## [EXERCISE DESCRIPTION]
Return the lines of the data below exactly. Start at the first and end with the line containing "using \<theta>v a by simp".

(Dataset records)

definition shifted_claim_integrand ::
  "real \<Rightarrow> real \<Rightarrow> real \<Rightarrow> real \<Rightarrow> real \<Rightarrow> real \<Rightarrow> real \<Rightarrow> ereal \<Rightarrow> (real \<Rightarrow> real) \<Rightarrow> real \<Rightarrow> real" where
  "shifted_claim_integrand \<theta> v \<eta> T \<omega> sh u K \<zeta> y =
     exp (- \<theta> * (\<zeta> (sh * (\<omega> / (\<theta> * v * \<eta>\<^sup>2 * T) * exp (\<eta> * sqrt T * y))) - u
                  - \<omega> / (\<theta> * \<eta>\<^sup>2 * T) * exp (\<eta> * sqrt T * y))
            * (if ereal y \<le> eln (K / ereal sh) / ereal (\<eta> * sqrt T) + ereal (\<omega> / (\<eta> * sqrt T)) then 1 else 0))
     * (exp (- (\<omega> / (\<eta>\<^sup>2 * T)) * (exp (\<eta> * sqrt T * y) - 1 - \<eta> * sqrt T * y))
        * exp (real_of_ereal (max 0 (ereal (\<omega> / (\<eta>\<^sup>2 * T) * exp (\<eta> * sqrt T * y))
                                     - ereal (\<theta> * v) * (K / ereal sh)))))"

lemma claim_integrand_shift_eq:
  fixes \<theta> v \<eta> T \<omega> sh u y :: real and K :: ereal and \<zeta> h :: "real \<Rightarrow> real"
  assumes \<theta>: "0 < \<theta>" and v: "0 < v" and \<eta>: "0 < \<eta>" and T: "0 < T" and sh: "0 < sh" and K: "0 \<le> K"
    and \<omega>: "\<omega> * exp \<omega> = \<theta> * v * \<eta>\<^sup>2 * T"
    and h: "h = (\<lambda>x. if 0 \<le> x \<and> ereal x \<le> K then \<zeta> x else 0)"
    and u: "K \<noteq> \<infinity> \<longrightarrow> u = - v * real_of_ereal K / sh"
  shows "exp (\<omega> / (\<eta> * sqrt T) * y) * exp (- \<theta> * h (sh * exp (\<eta> * sqrt T * (y - \<omega> / (\<eta> * sqrt T)))))
    = exp (- \<theta> * u - \<omega> / (\<eta>\<^sup>2 * T)) * shifted_claim_integrand \<theta> v \<eta> T \<omega> sh u K \<zeta> y"
proof -
  define a where "a = \<eta> * sqrt T"
  define X where "X = exp (a * y - \<omega>)"
  have a: "0 < a" and a2: "\<eta>\<^sup>2 * T = a\<^sup>2"
    unfolding a_def using \<eta> T by (simp_all add: power_mult_distrib)
  have \<theta>v: "0 < \<theta> * v"
    using \<theta> v by simp
  have "\<omega> * exp \<omega> = \<theta> * v * a\<^sup>2"
    using \<omega> by (simp add: a2[symmetric] mult.assoc)
  moreover have "0 < \<theta> * v * a\<^sup>2"
    using \<theta>v a by simp
  ultimately have \<omega>_pos: "0 < \<omega>"
    by (metis exp_gt_zero zero_less_mult_pos2)
  have \<omega>_exp: "\<omega> / a\<^sup>2 = \<theta> * v * exp (- \<omega>)"
    using \<open>\<omega> * exp \<omega> = \<theta> * v * a\<^sup>2\<close> a by (simp add: exp_minus field_simps)
  have arg_h: "sh * exp (a * (y - \<omega> / a)) = sh * X"
    unfolding X_def using a by (simp add: algebra_simps)
  have arg_\<zeta>: "\<omega> / (\<theta> * v * \<eta>\<^sup>2 * T) * exp (a * y) = X"
    unfolding \<omega>[symmetric] X_def using \<omega>_pos by (simp add: exp_diff)
  have scaled_X: "\<omega> / (\<eta>\<^sup>2 * T) * exp (a * y) = \<theta> * v * X"
    unfolding X_def a2 \<omega>_exp by (simp add: exp_diff exp_minus field_simps)
  have ind: "ereal y \<le> eln (K / ereal sh) / ereal a + ereal (\<omega> / a) \<longleftrightarrow> ereal (sh * X) \<le> K"
    unfolding X_def using le_eln_threshold_iff[OF a sh K] .
  have h_X: "h (sh * X) = (if ereal (sh * X) \<le> K then \<zeta> (sh * X) else 0)"
    unfolding h X_def using sh by simp
  have \<theta>a2: "\<theta> * \<eta>\<^sup>2 * T = \<theta> * a\<^sup>2"
    using a2 by (simp add: mult.assoc)
  show ?thesis
  proof (cases "ereal (sh * X) \<le> K")
    case True
    then show ?thesis
      unfolding shifted_claim_integrand_def a_def[symmetric]
      unfolding arg_h h_X arg_\<zeta> ind scaled_X real_of_ereal_excess_pos_part[OF \<theta>v sh K]
      unfolding a2 \<theta>a2
      using a \<theta> by (simp add: exp_add[symmetric] field_simps power2_eq_square)
  next
    case False
    then have "K \<noteq> \<infinity>"
      by auto
    then have "u = - v * real_of_ereal K / sh"
      using u by blast
    then show ?thesis
      unfolding shifted_claim_integrand_def a_def[symmetric]
      unfolding arg_h h_X arg_\<zeta> ind scaled_X real_of_ereal_excess_pos_part[OF \<theta>v sh K]
      unfolding a2 \<theta>a2
      using False scaled_X[unfolded a2] a \<theta> sh by (simp add: exp_add[symmetric] field_simps power2_eq_square)
  qed
qed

## [RESULT OF THE TASK]
definition shifted_claim_integrand ::
  "real \<Rightarrow> real \<Rightarrow> real \<Rightarrow> real \<Rightarrow> real \<Rightarrow> real \<Rightarrow> real \<Rightarrow> ereal \<Rightarrow> (real \<Rightarrow> real) \<Rightarrow> real \<Rightarrow> real" where
  "shifted_claim_integrand \<theta> v \<eta> T \<omega> sh u K \<zeta> y =
     exp (- \<theta> * (\<zeta> (sh * (\<omega> / (\<theta> * v * \<eta>\<^sup>2 * T) * exp (\<eta> * sqrt T * y))) - u
                  - \<omega> / (\<theta> * \<eta>\<^sup>2 * T) * exp (\<eta> * sqrt T * y))
            * (if ereal y \<le> eln (K / ereal sh) / ereal (\<eta> * sqrt T) + ereal (\<omega> / (\<eta> * sqrt T)) then 1 else 0))
     * (exp (- (\<omega> / (\<eta>\<^sup>2 * T)) * (exp (\<eta> * sqrt T * y) - 1 - \<eta> * sqrt T * y))
        * exp (real_of_ereal (max 0 (ereal (\<omega> / (\<eta>\<^sup>2 * T) * exp (\<eta> * sqrt T * y))
                                     - ereal (\<theta> * v) * (K / ereal sh)))))"

lemma claim_integrand_shift_eq:
  fixes \<theta> v \<eta> T \<omega> sh u y :: real and K :: ereal and \<zeta> h :: "real \<Rightarrow> real"
  assumes \<theta>: "0 < \<theta>" and v: "0 < v" and \<eta>: "0 < \<eta>" and T: "0 < T" and sh: "0 < sh" and K: "0 \<le> K"
    and \<omega>: "\<omega> * exp \<omega> = \<theta> * v * \<eta>\<^sup>2 * T"
    and h: "h = (\<lambda>x. if 0 \<le> x \<and> ereal x \<le> K then \<zeta> x else 0)"
    and u: "K \<noteq> \<infinity> \<longrightarrow> u = - v * real_of_ereal K / sh"
  shows "exp (\<omega> / (\<eta> * sqrt T) * y) * exp (- \<theta> * h (sh * exp (\<eta> * sqrt T * (y - \<omega> / (\<eta> * sqrt T)))))
    = exp (- \<theta> * u - \<omega> / (\<eta>\<^sup>2 * T)) * shifted_claim_integrand \<theta> v \<eta> T \<omega> sh u K \<zeta> y"
proof -
  define a where "a = \<eta> * sqrt T"
  define X where "X = exp (a * y - \<omega>)"
  have a: "0 < a" and a2: "\<eta>\<^sup>2 * T = a\<^sup>2"
    unfolding a_def using \<eta> T by (simp_all add: power_mult_distrib)
  have \<theta>v: "0 < \<theta> * v"
    using \<theta> v by simp
  have "\<omega> * exp \<omega> = \<theta> * v * a\<^sup>2"
    using \<omega> by (simp add: a2[symmetric] mult.assoc)
  moreover have "0 < \<theta> * v * a\<^sup>2"
    using \<theta>v a by simp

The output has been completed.